Objective: Biological evidence suggests that inflammation might induce type 2 diabetes (T2D), and epidemiological studies have shown an association between higher white blood cell count (WBC) and T2D. However, the association has not been systematically investigated.Research Design and Methods: Studies were identified through computer-based and manual searches. Previously unreported studies were sought through correspondence. 20 studies were identified (8,647 T2D cases and 85,040 non-cases). Estimates of the association of WBC with T2D were combined using random effects meta-analysis; sources of heterogeneity as well as presence of publication bias were explored.Results: The combined relative risk (RR) comparing the top to bottom tertile of the WBC count was 1.61 (95% CI: 1.45; 1.79, p = 1.5*10(-18)). Substantial heterogeneity was present (I-2 = 83%). For granulocytes the RR was 1.38 (95% CI: 1.17; 1.64, p = 1.5*10(-4)), for lymphocytes 1.26 (95% CI: 1.02; 1.56, p = 0.029), and for monocytes 0.93 (95% CI: 0.68; 1.28, p = 0.67) comparing top to bottom tertile. In cross-sectional studies, RR was 1.74 (95% CI: 1.49; 2.02, p = 7.7*10(-13)), while in cohort studies it was 1.48 (95% CI: 1.22; 1.79, p = 7.7*10(-5)). We assessed the impact of confounding in EPIC-Norfolk study and found that the age and sex adjusted HR of 2.19 (95% CI: 1.74; 2.75) was attenuated to 1.82 (95% CI: 1.45; 2.29) after further accounting for smoking, T2D family history, physical activity, education, BMI and waist circumference.Conclusions: A raised WBC is associated with higher risk of T2D. The presence of publication bias and failure to control for all potential confounders in all studies means the observed association is likely an overestimate.

Type: Article
Title: Differential White Blood Cell Count and Type 2 Diabetes: Systematic Review and Meta-Analysis of Cross-Sectional and Prospective Studies
Open access status: An open access version is available from UCL Discovery
DOI: 10.1371/journal.pone.0013405
Publisher version: http://dx.doi.org/10.1371/journal.pone.0013405
Language: English
Additional information: © 2010 Gkrania-Klotsas et al. This is an open-access article distributed under the terms of the Creative Commons Attribution License, which permits unrestricted use, distribution, and reproduction in any medium, provided the original author and source are credited. EGK is supported by the Medical Research Council through a Clinical Research Training Fellowship and the Cambridge BRC-NIHR. EPIC-Norfolk is supported by grant funding from the Medical Research Council and Cancer Research United Kingdom with additional support from the Stroke Association, British Heart Foundation, Research Into Ageing, and the Academy of Medical Science. The sponsors had no role in the design and conduct of the study, collection, management, analysis and interpretation of the data, and preparation, review, or approval of the manuscript. VL is supported by the Rachadapiseksompoj Faculty of Medicine Research Fund Chulalongkorn University, Thailand, and by the National Institutes of Health (grants T37-TW00049 and T37-MD-100449). PIVUS work was supported by the Swedish Research Council, the Swedish Foundation for Strategic Research, the Royal Swedish Academy of Science, Uppsala University Hospital and AstraZeneca R&D, Moelndal. The sponsors had no role in the PIVUS study design, analyses, writing or decision to publish the manuscript.
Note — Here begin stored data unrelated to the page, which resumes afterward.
lemma cg_orthogonality:
  "(\<forall>i<j. cg_res y i \<noteq> 0) \<Longrightarrow>
     (\<forall>i<j. cg_res y j \<bullet> cg_dir y i = 0) \<and> (\<forall>i<j. cg_dir y j \<bullet> (A *v cg_dir y i) = 0)"
proof (induction j)
  case 0
  then show ?case by simp
next
  case (Suc j)
  have nonzero: "\<forall>i<j. cg_res y i \<noteq> 0" and res_j: "cg_res y j \<noteq> 0"
    using Suc.prems by auto
  note IH = Suc.IH[OF nonzero]
  let ?a = "cg_step y j" and ?r = "cg_res y j" and ?p = "cg_dir y j" and ?r' = "cg_res y (Suc j)"
  have res: "\<forall>i<Suc j. ?r' \<bullet> cg_dir y i = 0"
  proof (intro allI impI)
    fix i assume "i < Suc j"
    then consider "i = j" | "i < j" by linarith
    then show "?r' \<bullet> cg_dir y i = 0"
    proof cases
      case 1
      then show ?thesis using cg_res_Suc_inner_dir by simp
    next
      case 2
      then have "?r \<bullet> cg_dir y i = 0" "?p \<bullet> (A *v cg_dir y i) = 0" using IH by auto
      then show ?thesis by (simp add: cg_Suc(2) inner_diff_left A_inner_commute)
    qed
  qed
  have dir: "\<forall>i<Suc j. cg_dir y (Suc j) \<bullet> (A *v cg_dir y i) = 0"
  proof (intro allI impI)
    fix i assume "i < Suc j"
    then consider "i < j" | "i = j" by linarith
    then show "cg_dir y (Suc j) \<bullet> (A *v cg_dir y i) = 0"
    proof cases
      case 1
      then have "A *v cg_dir y i \<in> span (cg_dir y ` {..<Suc j})"
        using A_cg_dir_in_span[of y i] nonzero span_cg_dir_mono[of "Suc (Suc i)" "Suc j"] by auto
      then have "?r' \<bullet> (A *v cg_dir y i) = 0" by (rule inner_span_cg_dir_eq_0[OF res])
      moreover have "?p \<bullet> (A *v cg_dir y i) = 0" using IH 1 by auto
      ultimately show ?thesis by (simp add: cg_Suc(3)[of y j] inner_add_left)
    next
      case 2
      have pos: "?a > 0" "?p \<bullet> (A *v ?p) > 0" "?r \<bullet> ?r > 0"
        using cg_step_pos[OF res_j] res_j by auto
      have "?r' \<bullet> ?r = 0" using inner_span_cg_dir_eq_0[OF res cg_res_in_span] .
      then have r'_Ap: "?r' \<bullet> (A *v ?p) = - (?r' \<bullet> ?r') / ?a"
        unfolding A_cg_dir_eq[OF res_j] by (simp add: inner_diff_right)
      have p_Ap: "?p \<bullet> (A *v ?p) = (?r \<bullet> ?r) / ?a"
        using pos unfolding cg_step_def by (simp add: field_simps)
      show ?thesis
        unfolding 2 cg_Suc(3)[of y j] using pos by (simp add: inner_add_left r'_Ap p_Ap field_simps)
    qed
  qed
  show ?case using res dir by blast
qed

lemma cg_x_in_span: "cg_x y j \<in> span (cg_dir y ` {..<j})"
proof (induction j)
  case 0
  then show ?case by (simp add: cg_0 span_zero)
next
  case (Suc j)
  then have "cg_x y j \<in> span (cg_dir y ` {..<Suc j})"
    using span_cg_dir_mono[of j "Suc j"] by auto
  moreover have "cg_dir y j \<in> span (cg_dir y ` {..<Suc j})" by (rule span_base) auto
  ultimately show ?case unfolding cg_Suc by (intro span_add span_scale)
qed

lemma A_mult_span_cg_dir:
  assumes "\<forall>i<m. cg_res y i \<noteq> 0" and "w \<in> span (cg_dir y ` {..<m})"
  shows "A *v w \<in> span (cg_dir y ` {..<Suc m})"
proof -
  have "A *v w \<in> (*v) A ` span (cg_dir y ` {..<m})" using assms(2) by blast
  also have "\<dots> = span ((*v) A ` cg_dir y ` {..<m})"
    by (rule linear_span_image[OF matrix_vector_mul_linear, symmetric])
  also have "\<dots> \<subseteq> span (cg_dir y ` {..<Suc m})"
  proof (rule span_minimal[OF _ subspace_span], rule image_subsetI)
    fix z assume "z \<in> cg_dir y ` {..<m}"
    then obtain i where i: "i < m" "z = cg_dir y i" by auto
    then show "A *v z \<in> span (cg_dir y ` {..<Suc m})"
      using A_cg_dir_in_span[of y i] assms(1) span_cg_dir_mono[of "Suc (Suc i)" "Suc m"] by auto
  qed
  finally show ?thesis .
qed

lemma krylov_subset_span_cg_dir:
  assumes "\<forall>i<j. cg_res y i \<noteq> 0"
  shows "krylov y j \<subseteq> span (cg_dir y ` {..<j})"
proof -
  have "((*v) A ^^ i) y \<in> span (cg_dir y ` {..<Suc i})" if "i < j" for i
    using that
  proof (induction i)
    case 0
    then show ?case by (simp add: cg_0 span_base)
  next
    case (Suc i)
    then show ?case using A_mult_span_cg_dir[of "Suc i" y] assms by simp
  qed
  then show ?thesis
    unfolding krylov_def
  proof (intro span_minimal[OF _ subspace_span] image_subsetI)
    fix i assume "i \<in> {..<j}"
    then show "((*v) A ^^ i) y \<in> span (cg_dir y ` {..<j})"
      using \<open>i < j \<Longrightarrow> _\<close> span_cg_dir_mono[of "Suc i" j] by auto
  qed
qed

lemma cg_energy_optimal:
  assumes Ax: "A *v x = y" and z: "z \<in> krylov y j"
  shows "energy (x - cg_x y j) \<le> energy (x - z)"
proof (cases "\<forall>i<j. cg_res y i \<noteq> 0")
  case True
  let ?e = "x - cg_x y j" and ?w = "cg_x y j - z"
  have "?w \<in> span (cg_dir y ` {..<j})"
    using cg_x_in_span krylov_subset_span_cg_dir[OF True] z by (intro span_diff) auto
  moreover have "A *v ?e = cg_res y j"
    by (simp add: cg_res_eq Ax matrix_vector_mult_diff_distrib)
  moreover have "\<forall>i<j. cg_res y j \<bullet> cg_dir y i = 0"
    using cg_orthogonality[OF True] by blast
  ultimately have "(A *v ?e) \<bullet> ?w = 0"
    using inner_span_cg_dir_eq_0 by simp
  then have "inner_A ?e ?w = 0"
    by (simp add: inner_A_def A_inner_commute)
  then show ?thesis
    using energy_add[of ?e ?w] energy_nonneg[of ?w] by simp
next
  case False
  then have "cg_res y j = 0" using cg_res_eq_0_mono by auto
  then have "A *v (x - cg_x y j) = 0"
    by (simp add: cg_res_eq Ax matrix_vector_mult_diff_distrib)
  then have "x - cg_x y j = 0" using inj_A unfolding vec.inj_iff_eq_0 by blast
  then show ?thesis using energy_nonneg by (simp add: inner_A_def)
qed

section \<open>Convergence bounds\<close>

definition rho :: real where
  "rho = (sqrt (cond2 A) - 1) / (sqrt (cond2 A) + 1)"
The Cardiovascular Health Study research was supported by contract numbers N01-HC-85079 through N01-HC-85086, N01-HC-35129, N01 HC-15103, N01 HC-55222, N01-HC-75150, N01-HC-45133, and grant numbers U01 HL080295, R01 HL-075366 and R01 HL-094555 from the National Heart, Lung, and Blood Institute; R01 AG-023629, R01 AG-15928, R01 AG-20098, and AG-027058 from the National Institute on Aging; the University of Pittsburgh Claude. D. Pepper Older Americans Independence Center P30-AG-024827, with additional contribution from the National Institute of Neurological Disorders and Stroke. A full list of principal CHS investigators and institutions can be found at http://www.chs-nhlbi.org/pi.htm. JO and GN's work was supported by grants from Vastmanland's research foundation against cardiovascular disease and SparbanksstiftelsenNya. GN had full access to all of the data in the study and takes responsibility for the integrity of the data and the accuracy of the data analysis.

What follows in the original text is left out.